Yesterday, markets collapsed as China failed to deliver on it's temporary idea of initiating a second stimulus plan. Why does anyone think that a stimulus plan by China would help any economy other than China's?
Can China switch from being a mercantilist economy – totally dependent on exports, to one that consumes what it makes and maybe a even a little of what other countries make?
The front page of the NY Times shows Mahmoud Karzai (Hamid's brother) planning a new apartment complex in Kabul. He has been busy getting sweetheart deals in banking, cement, real estate, coal mines, and car dealerships. He proclaims: “I’m in love with the idea that Afghanistan can become a Singapore, a Hong Kong.”

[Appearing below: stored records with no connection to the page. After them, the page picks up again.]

lemma abs_SSP_remove_max:
  assumes R: "abs_SSP (insert m T) k R" and fin: "finite T" and less: "\<forall>t\<in>T. t < m"
    and x: "x \<in> \<Union>(set R)" "\<bar>x\<bar> = m" and nonsingleton: "{x} \<notin> set R"
  shows "abs_SSP T k (map (\<lambda>C. C - {x}) R)"
proof -
  let ?f = "\<lambda>C. C - {x}"
  obtain Bx where Bx: "Bx \<in> set R" "x \<in> Bx" using x(1) by blast
  have ne: "C - {x} \<noteq> {}" if "C \<in> set R" for C
  proof -
    have "C \<noteq> {}" "C \<noteq> {x}" using abs_SSP_nonempty[OF R that] that nonsingleton by auto
    then show ?thesis by blast
  qed
  have "inj_on ?f (set R)"
  proof (rule inj_onI)
    fix B C assume BC: "B \<in> set R" "C \<in> set R" "B - {x} = C - {x}"
    then obtain y where "y \<in> B" "y \<in> C" using ne by blast
    then show "B = C" using abs_SSP_abs_inj[OF R BC(1,2)] by blast
  qed
  then have "distinct (map ?f R)" using R by (simp add: abs_SSP_def distinct_map)
  moreover have "{} \<notin> set (map ?f R)" using ne by auto
  moreover have "\<forall>B'\<in>set (map ?f R). \<forall>C'\<in>set (map ?f R). \<forall>a\<in>B'. \<forall>b\<in>C'. \<bar>a\<bar> = \<bar>b\<bar> \<longrightarrow> B' = C' \<and> a = b"
  proof (intro ballI impI)
    fix B' C' a b assume "B' \<in> set (map ?f R)" "C' \<in> set (map ?f R)" "a \<in> B'" "b \<in> C'" "\<bar>a\<bar> = \<bar>b\<bar>"
    then obtain B C where "B \<in> set R" "C \<in> set R" "B' = B - {x}" "C' = C - {x}" "a \<in> B" "b \<in> C"
      by auto
    then show "B' = C' \<and> a = b" using abs_SSP_abs_inj[OF R] \<open>\<bar>a\<bar> = \<bar>b\<bar>\<close> by blast
  qed
  moreover have "\<Union>(set (map ?f R)) = \<Union>(set R) - {x}" by auto
  then have "abs ` \<Union>(set (map ?f R)) = T"
    using abs_image_Union_remove_max[OF R less Bx x(2)] by simp
  moreover have "map (\<lambda>B. Min (abs ` B)) (map ?f R) = map (\<lambda>B. Min (abs ` B)) R"
  proof -
    have "Min (abs ` (C - {x})) = Min (abs ` C)" if "C \<in> set R" for C
    proof (rule Min_abs_Diff_greater)
      show "finite C" using abs_SSP_finite_block[OF R _ that] fin by simp
      show "C - {x} \<noteq> {}" by (rule ne[OF that])
      show "\<forall>y\<in>C - {x}. \<bar>y\<bar> < \<bar>x\<bar>"
        using abs_SSP_abs_less_max[OF R less Bx x(2) that] x(2) by auto
    qed
    then show ?thesis by simp
  qed
  then have "sorted (map (\<lambda>B. Min (abs ` B)) (map ?f R))"
    using R by (simp only: abs_SSP_def)
  ultimately show ?thesis using R unfolding abs_SSP_def by simp
qed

Has he been watching what's going on over there lately? It's easy to show him. All he has to do is turn to page A8 which explains the economic crisis going on there. The statistic of the day:
"Singapore, where the population is just 4.6 million compared with
Taiwan’s 23 million, is particularly vulnerable to a decline in trade.
It typically imports unfinished products, does some processing of the
goods and then exports them, so the total dollar value of its exports
and imports is far larger than its gross domestic product — about three
and a half times as much, in fact."
That is staggering …the world is full of drug addicts addicted to US consumption.

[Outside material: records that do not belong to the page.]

text \<open>On the diagonal x = y the pair chain is the single-card chain, since {v, v} = {v}.\<close>

definition single_prob :: "nat \<Rightarrow> (nat \<Rightarrow> bool) \<Rightarrow> nat \<Rightarrow> nat \<Rightarrow> real" where
  "single_prob N P t v = pair_prob N (\<lambda>x _. P x) t v v"

lemma pair_prob_nonneg: "pair_prob N P t x y \<ge> 0"
  by (induction t arbitrary: x y) (auto intro!: sum_nonneg divide_nonneg_nonneg)

lemma single_prob_0: "single_prob N P 0 v = (if P v then 1 else 0)"
  by (simp add: single_prob_def)

lemma single_prob_Suc:
  "single_prob N P (Suc t) v =
     (\<Sum>p\<in>{1..N} - {v}. \<Sum>q\<in>{1..N}. single_prob N P t (move_pos v p q))
       / (real (card ({1..N} - {v})) * real N)"
  by (simp add: single_prob_def)

lemma avoiding_prob_eq_pair_prob:
  assumes "{i, j} \<subseteq> {1..N}"
  shows "bij_betw \<sigma> {1..N} {1..N} \<Longrightarrow>
    avoiding_prob N {i, j} (\<lambda>\<pi>. P (\<pi> i) (\<pi> j)) t \<sigma> = pair_prob N P t (\<sigma> i) (\<sigma> j)"
proof (induction t arbitrary: \<sigma>)
  case 0
  have "avoiding_paths N {i, j} 0 = {[]}" by (auto simp: avoiding_paths_def)
  moreover have "{xs \<in> avoiding_paths N {i, j} 0. P (run_shuffle \<sigma> xs i) (run_shuffle \<sigma> xs j)}
      = (if P (\<sigma> i) (\<sigma> j) then {[]} else {})"
    by (auto simp: avoiding_paths_def run_shuffle_def)
  ultimately show ?case by (simp add: avoiding_prob_def)
next
  case (Suc t)
  let ?C = "{1..N} - {i, j}"
  let ?f = "\<lambda>p. \<Sum>q\<in>{1..N}. pair_prob N P t (move_pos (\<sigma> i) p q) (move_pos (\<sigma> j) p q)"
  have bij: "inj_on \<sigma> {1..N}" "\<sigma> ` {1..N} = {1..N}"
    using Suc.prems by (auto simp: bij_betw_def)
  have inj: "inj_on \<sigma> ?C"
    using bij(1) by (rule inj_on_subset) auto
  have im: "\<sigma> ` ?C = {1..N} - {\<sigma> i, \<sigma> j}"
    using inj_on_image_set_diff[OF bij(1), of "{1..N}" "{i, j}"] bij(2) assms by auto
  have step_bij: "bij_betw (shuffle_step \<sigma> x) {1..N} {1..N}" if "x \<in> ?C \<times> {1..N}" for x
    using that bij_betw_shuffle_step[OF Suc.prems] by (cases x) auto
  have "avoiding_prob N {i, j} (\<lambda>\<pi>. P (\<pi> i) (\<pi> j)) (Suc t) \<sigma> =
      (\<Sum>x\<in>?C \<times> {1..N}. pair_prob N P t (shuffle_step \<sigma> x i) (shuffle_step \<sigma> x j))
        / card (?C \<times> {1..N})"
    unfolding avoiding_prob_Suc
    by (intro arg_cong2[where f = "(/)"] sum.cong refl Suc.IH step_bij)
  also have "\<dots> = (\<Sum>c\<in>?C. ?f (\<sigma> c)) / card (?C \<times> {1..N})"
    unfolding sum.cartesian_product'
    by (intro arg_cong2[where f = "(/)"] sum.cong refl) (auto simp: shuffle_step_other)
  also have "\<dots> = pair_prob N P (Suc t) (\<sigma> i) (\<sigma> j)"
    using sum.reindex[OF inj, of ?f] card_image[OF inj] im by (simp add: card_cartesian_product)
  finally show ?case .
qed

lemma cond_shuffle_prob_eq_pair_prob:
  assumes "{i, j} \<subseteq> {1..N}" and "\<sigma> permutes {1..N}"
  shows "cond_shuffle_prob N t \<sigma> (\<lambda>\<pi>. P (\<pi> i) (\<pi> j)) {i, j} = pair_prob N P t (\<sigma> i) (\<sigma> j)"
  using assms cond_shuffle_prob_eq_avoiding_prob[of N "{i, j}"]
    avoiding_prob_eq_pair_prob permutes_imp_bij by fastforce

lemma cond_shuffle_prob_eq_single_prob:
  assumes "k \<in> {1..N}" and "\<sigma> permutes {1..N}"
  shows "cond_shuffle_prob N t \<sigma> (\<lambda>\<pi>. P (\<pi> k)) {k} = single_prob N P t (\<sigma> k)"
  using cond_shuffle_prob_eq_pair_prob[of k k N \<sigma> t "\<lambda>x _. P x"] assms
  by (simp add: single_prob_def)

lemma sum_insert_pos:
  assumes "v \<le> N"
  shows "(\<Sum>q\<in>{1..N}. f (insert_pos v q)) = real v * f (v + 1) + real (N - v) * (f v :: real)"
proof -
  have "{1..N} = {1..v} \<union> {v+1..N}" using assms by auto
  then have "(\<Sum>q\<in>{1..N}. f (insert_pos v q)) =
      (\<Sum>q\<in>{1..v}. f (insert_pos v q)) + (\<Sum>q\<in>{v+1..N}. f (insert_pos v q))"
    by (simp add: sum.union_disjoint)
  also have "\<dots> = (\<Sum>q\<in>{1..v}. f (v + 1)) + (\<Sum>q\<in>{v+1..N}. f v)"
    by (intro arg_cong2[where f = "(+)"] sum.cong) (auto simp: insert_pos_def)
  finally show ?thesis by simp
qed

lemma sum_remove_pos:
  assumes "v \<in> {1..N}"
  shows "(\<Sum>p\<in>{1..N} - {v}. f (remove_pos v p)) = real (v - 1) * f (v - 1) + real (N - v) * (f v :: real)"
proof -
  have "{1..N} - {v} = {1..v-1} \<union> {v+1..N}" using assms by auto
  then have "(\<Sum>p\<in>{1..N} - {v}. f (remove_pos v p)) =
      (\<Sum>p\<in>{1..v-1}. f (remove_pos v p)) + (\<Sum>p\<in>{v+1..N}. f (remove_pos v p))"
    by (simp add: sum.union_disjoint)
  also have "\<dots> = (\<Sum>p\<in>{1..v-1}. f (v - 1)) + (\<Sum>p\<in>{v+1..N}. f v)"
    by (intro arg_cong2[where f = "(+)"] sum.cong) (auto simp: remove_pos_def)
  finally show ?thesis using assms by simp
qed

lemma sum_if_mem:
  assumes "finite S" and "E \<subseteq> S"
  shows "(\<Sum>p\<in>S. f (if p \<in> E then a else b)) =
    real (card E) * f a + real (card S - card E) * (f b :: real)"
proof -
  have parts: "S \<inter> E = E" "S \<inter> - E = S - E"
    using assms(2) by auto
  have "(\<Sum>p\<in>S. f (if p \<in> E then a else b)) = (\<Sum>p\<in>S. if p \<in> E then f a else f b)"
    by (rule sum.cong) auto
  also have "\<dots> = (\<Sum>p\<in>E. f a) + (\<Sum>p\<in>S - E. f b)"
    using sum.If_cases[OF assms(1), of "\<lambda>p. p \<in> E" "\<lambda>_. f a" "\<lambda>_. f b"] parts by simp
  finally show ?thesis
    using assms by (simp add: card_Diff_subset finite_subset)
qed

lemma sum_if_eq_if_mem:
  assumes "finite A" and "a \<in> A" and "D \<subseteq> A - {a}"
  shows "(\<Sum>q\<in>A. if q = a then c else f (if q \<in> D then u else v)) =
    c + real (card D) * f u + real (card A - 1 - card D) * (f v :: real)"
proof -
  have "(\<Sum>q\<in>A. if q = a then c else f (if q \<in> D then u else v)) =
      c + (\<Sum>q\<in>A - {a}. if q = a then c else f (if q \<in> D then u else v))"
    using assms by (simp add: sum.remove)
  also have "(\<Sum>q\<in>A - {a}. if q = a then c else f (if q \<in> D then u else v)) =
      (\<Sum>q\<in>A - {a}. f (if q \<in> D then u else v))"
    by (rule sum.cong) auto
  finally show ?thesis
    using sum_if_mem[of "A - {a}" D f u v] assms by simp
qed

definition insert_avg :: "nat \<Rightarrow> (nat \<Rightarrow> real) \<Rightarrow> nat \<Rightarrow> real" where
  "insert_avg N f v = (\<Sum>q\<in>{1..N}. f (insert_pos v q)) / real N"

lemma insert_avg_eq:
  "v \<le> N \<Longrightarrow> insert_avg N f v = (real v * f (v + 1) + real (N - v) * f v) / real N"
  using sum_insert_pos[of v N f] by (simp add: insert_avg_def)

lemma single_prob_Suc_eq:
  assumes "v \<in> {1..N}"
  shows "real (N - 1) * single_prob N P (Suc t) v =
    real (v - 1) * insert_avg N (single_prob N P t) (v - 1)
      + real (N - v) * insert_avg N (single_prob N P t) v"
proof -
  let ?K = "insert_avg N (single_prob N P t)"
  have "(\<Sum>q\<in>{1..N}. single_prob N P t (move_pos v p q)) = real N * ?K (remove_pos v p)" for p
    using assms by (simp add: insert_avg_def move_pos_def)
  then have "single_prob N P (Suc t) v = (\<Sum>p\<in>{1..N} - {v}. ?K (remove_pos v p)) / real (N - 1)"
    using assms by (simp add: single_prob_Suc sum_distrib_left[symmetric])
  then show ?thesis
    using assms sum_remove_pos[OF assms, of ?K] by (cases "N = 1") auto
qed

lemma le_convex_combination:
  fixes a u v g :: real
  assumes "a \<le> u + g" and "a \<le> v + g" and "k \<le> N" and "0 < N"
  shows "a \<le> (real k * u + real (N - k) * v) / real N + g"
proof -
  have "real N * (a - g) = real k * (a - g) + real (N - k) * (a - g)"
    using assms(3) by (simp add: of_nat_diff algebra_simps)
  also have "\<dots> \<le> real k * u + real (N - k) * v"
    using assms by (intro add_mono mult_left_mono) auto
  finally show ?thesis using assms(4) by (simp add: field_simps)
qed

definition coupled_positions :: "nat \<Rightarrow> nat \<Rightarrow> nat \<Rightarrow> nat \<Rightarrow> nat \<Rightarrow> bool" where
  "coupled_positions n x y z w \<longleftrightarrow>
     1 \<le> x \<and> x < y \<and> y \<le> n \<and> y - x \<le> z \<and> z < y \<and> x \<le> w \<and> w \<le> n - 1"

text \<open>Removal positions of the big deck matched with removals below z (resp. w) in the small
  deck; there are z - 1 (resp. w - 1) of them, as in the small deck.\<close>

definition z_drop_set :: "nat \<Rightarrow> nat \<Rightarrow> nat \<Rightarrow> nat set" where
  "z_drop_set x y z = {x<..<y} \<union> {1..z + x - y}"

definition w_drop_set :: "nat \<Rightarrow> nat \<Rightarrow> nat \<Rightarrow> nat set" where
  "w_drop_set x y w = (if w < y then {1..w} - {x} else {1..w + 1} - {x, y})"

text \<open>Insertion slots of the big deck, other than x, matched with slots at or below z in the
  small deck, which raise z.\<close>

definition z_raise_set :: "nat \<Rightarrow> nat \<Rightarrow> nat \<Rightarrow> nat set" where
  "z_raise_set x y z = {x<..y} \<union> {1..z + x - y}"

lemma coupled_positions_remove:
  assumes "coupled_positions n x y z w" and "p \<in> {1..n} - {x, y}"
  shows "coupled_positions (n - 1) (remove_pos x p) (remove_pos y p)
    (if p \<in> z_drop_set x y z then z - 1 else z) (if p \<in> w_drop_set x y w then w - 1 else w)"
proof -
  have c: "1 \<le> x" "x < y" "y \<le> n" "y - x \<le> z" "z < y" "x \<le> w" "w \<le> n - 1"
    using assms(1) by (auto simp: coupled_positions_def)
  have p: "1 \<le> p" "p \<le> n" "p \<noteq> x" "p \<noteq> y"
    using assms(2) by auto
  consider "p < x" | "x < p" "p < y" | "y < p"
    using p by linarith
  then show ?thesis
    by cases (use c p in \<open>auto simp: coupled_positions_def remove_pos_def z_drop_set_def w_drop_set_def\<close>)
qed

lemma coupled_positions_insert:
  assumes "coupled_positions (n - 1) x y z w" and "q \<in> {1..n}"
    and "zz \<in> {z, z + 1}" and "q \<noteq> x \<Longrightarrow> zz = (if q \<in> z_raise_set x y z then z + 1 else z)"
    and "ww \<in> {w, w + 1}" and "q \<noteq> n \<Longrightarrow> ww = (if q \<in> {1..w} then w + 1 else w)"
  shows "coupled_positions n (insert_pos x q) (insert_pos y q) zz ww"
proof -
  have c: "1 \<le> x" "x < y" "y \<le> n - 1" "y - x \<le> z" "z < y" "x \<le> w" "w \<le> n - 2"
    using assms(1) by (auto simp: coupled_positions_def)
  have w: "insert_pos x q \<le> ww \<and> ww \<le> n - 1"
    using c assms(2,5,6) by (auto simp: insert_pos_def)
  consider "q < x" | "q = x" | "x < q" "q \<le> y" | "y < q"
    by linarith
  then have "1 \<le> insert_pos x q \<and> insert_pos x q < insert_pos y q \<and> insert_pos y q \<le> n \<and>
      insert_pos y q - insert_pos x q \<le> zz \<and> zz < insert_pos y q"
    by cases (use c assms(2-4) in \<open>auto simp: insert_pos_def z_raise_set_def\<close>)
  with w show ?thesis
    by (simp add: coupled_positions_def)
qed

Chinese Trade Surplus Will Never Die (?)
So you say – we have entered a global recession, maybe even a
depression; surely the Chinese trade surplus will wither as western
import demand shrivels up. The first report is in. We have a new
record! In October the surplus reached $35.2 bn.. In fact export
growth did weaken from a rate of 21.5% year over year to 19.1% but
incredibly, import growth collapsed from a rate of 21.3% to 12.4%.
Specifically the trade surplus with the US rose 13.3% year over year. It is easy to
argue that Chinese goods that feed through say Walmart into the US can
not be replaced by US production and in fact are necessities that will
be bought even if the economy tanks. I find neither one of these
arguments to be very compelling but the swing factor here is NOT our
imports which are down a little and acting as they should. I would
expect to see further declines here as the economy falls further. The
real story is (US) exports.
The published growth rate of the Chinese
economy has declined from 10.1% to 9%. How does such a small decline
in the rate of GDP growth drive such a massive instant drop in
imports. There are precious few explanations of this in the press
beyond the countless anecdotes about their economic malaise. Could
their economy be so addicted to exports that any decline in exports
triggers a collapse in domestic demand? If that’s true then the GDP
figures are being produced in a Chinese Disneyland.
Bob Herbert, the liberal editorial writer from the NY Times called for a shrinking of the defense budget and a reduction of the extension of American military power given our appalling economic circumstances. (Go HERE) We simply can't afford the same size commitment to the military.
The other famous exponent of a shrunken military is Ron Paul who has said repeatedly that we cannot afford countless foreign military bases. The political spectrum has come full circle on this issue.
Are there any plans to shrink the defense budget?
Not that I see.
A hot topic is the recent changes made to the tax code by the new Obama administration. The tax rate on the top 2% is going up and their deductions are going down. The tax rates on the rest of the population will decline. This is a relative redistribution of the tax burden (this does not redistribute wealth since this is not a wealth tax). Is that fair?
When we open up our borders to trade with 3rd world countries then indirectly our labor begins to compete with their labor. The resulting exporting of jobs forces our union system to cower and the leverage that workers have to ask for raises, collapses. This is called factor price equalization and while it drives down incomes for most Americans, it improves the returns on management who can now oversee more productive processes where their companies' ROE inexorably rises. We see this in all the fake productivity numbers that are generated when we make parts offshore and then complete the assembly here – with fewer US workers. Miraculously our productivity improves.
So moving jobs offshore drives a wedge between the different strata of our labor pool and it is logical to tax the beneficiaries at a higher rate and the victims at a lower one.
The US trade deficit with China has been exploding since President Clinton granted them MFN status in 1994. A first world country will never profitably trade with a third world country where there is no minimum wage, no pollution controls, no patent or copyright law, and (especially) no floating currency. What we get are unbelievably cheap imports which relative to our first world salaries are irresistible Our trade account goes into massive deficit, our savings rate collapses and consequently our investment rate collapses with it.
Everyone understands that in the long run an economy without investment will die. We have now become dependent on China to fund our profligacy and our economy has become distorted toward non-tradeable goods. We are now an economy of lawyers, brokers, and plumbers. As Kevin Phillips has said -" the only thing we have become good at producing is debt."